In connection with and incidental to the accomplishment of the purpose delineated in Article V hereof, this Corporation (a) may hold property acquired by devise, bequest, gift, grant or in any other manner, except that this Corporation shall not own or hold more real property than may be reasonably necessary for the accomplishment of its purposes; (b) may sell, exchange or mortgage any or all property held absolutely or in trust to be used, either the principal income therefrom, as may be directed in the accomplishment of the purpose of this Corporation; provided however, that the specific enumeration in this Article of certain powers is not intended to be exclusive, nor to prohibit exercise of the Trustees of any other powers reasonably necessary to the accomplishment of the purpose of the Corporation.

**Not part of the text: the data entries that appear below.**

lemma lipschitz_on_Min:
  fixes F :: "'i \<Rightarrow> 'x::metric_space \<Rightarrow> real"
  assumes "finite I" "I \<noteq> {}" "\<And>i. i \<in> I \<Longrightarrow> \<exists>L. L-lipschitz_on S (F i)"
  shows "\<exists>L. L-lipschitz_on S (\<lambda>t. Min ((\<lambda>i. F i t) ` I))"
proof -
  obtain L where "\<And>i. i \<in> I \<Longrightarrow> (L i)-lipschitz_on S (F i)"
    using assms(3) by metis
  then have M: "(Max (L ` I))-lipschitz_on S (F i)" if "i \<in> I" for i
    using assms(1) that by (auto intro: lipschitz_on_le[of "L i"])
  have Min_le: "Min ((\<lambda>i. F i s) ` I) \<le> Min ((\<lambda>i. F i t) ` I) + Max (L ` I) * dist s t"
    if "s \<in> S" "t \<in> S" for s t
  proof -
    have "Min ((\<lambda>i. F i t) ` I) \<in> (\<lambda>i. F i t) ` I"
      using assms(1,2) by simp
    then obtain i where i: "i \<in> I" "F i t = Min ((\<lambda>i. F i t) ` I)"
      by (metis imageE)
    have "Min ((\<lambda>i. F i s) ` I) \<le> F i s" using i(1) assms(1) by auto
    also have "\<dots> \<le> F i t + Max (L ` I) * dist s t"
      using lipschitz_onD[OF M[OF i(1)] that] by (simp add: dist_real_def)
    finally show ?thesis using i(2) by simp
  qed
  have "(Max (L ` I))-lipschitz_on S (\<lambda>t. Min ((\<lambda>i. F i t) ` I))"
  proof (rule lipschitz_onI)
    fix s t assume "s \<in> S" "t \<in> S"
    then show "dist (Min ((\<lambda>i. F i s) ` I)) (Min ((\<lambda>i. F i t) ` I)) \<le> Max (L ` I) * dist s t"
      using Min_le[of s t] Min_le[of t s] by (simp add: dist_real_def dist_commute abs_le_iff)
  qed (use M assms(2) lipschitz_on_nonneg in blast)
  then show ?thesis by blast
qed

The Articles and By-Laws of the Corporation may be altered, amended or repealed in whole or in part by the voting members at any annual or special meeting, provided that written notice of such meeting shall be given at least 10 days prior thereto and shall contain the essence of the contemplated alteration, amendment or repeal.
In the event of the termination or liquidation of the Corporation, for any reason, after all liabilities of the Corporation have been paid, the remaining assets of the Corporation shall be turned over to Seminole State College, to be used for scientific, literary or educational purposes, as its Board of Regents (or governing body) shall in its sole discretion determine, subject to any restrictions or limitations placed upon said funds when accepted.
AMENDMENT NO. 1
(Amending Article V)
No part of the net earnings of the corporation shall inure to the benefit of, or be distributable to, its members, trustees, officers, or other private persons, except that the corporation shall be authorized and empowered to pay reasonable compensation for services rendered and to make payments and distributions in furtherance of the purposes set forth in Article V hereof. No substantial part of the activities of the Corporation shall be the carrying on of propaganda, or otherwise attempting, to influence legislation, and the corporation shall not participate in, or intervene in (including the publishing or distribution of statements) any political campaign on behalf of any candidate for public office. Notwithstanding any other provision of these articles the corporation shall not carry on any other activities not permitted to be carried on (a) by a corporation exempt from Federal Revenue Code under section 501(c) (3) of the Internal Revenue Code of 1954 (or the corresponding provision of any future United States Internal Revenue Code) or (b) by a corporation, contributions to which are deductible under section 170(c) (2) of the Internal Revenue Code of 1954 (or the corresponding provision of any future United States Internal Revenue Code).
AMENDMENT NO. 2
(Amending Article XI)
In the event SEMINOLE STATE COLLEGE is not in existence and/or is not then exempt under Section 115 of the Internal Revenue Code as a governmental instrumentality, then upon the termination or liquidation of the Corporation for any reason, after all liabilities of said Corporation have been paid, the remaining assets of the Corporation shall be turned over to any Federal, State, County or City governmental entity, for a public purpose, as the Board of Trustees shall determine.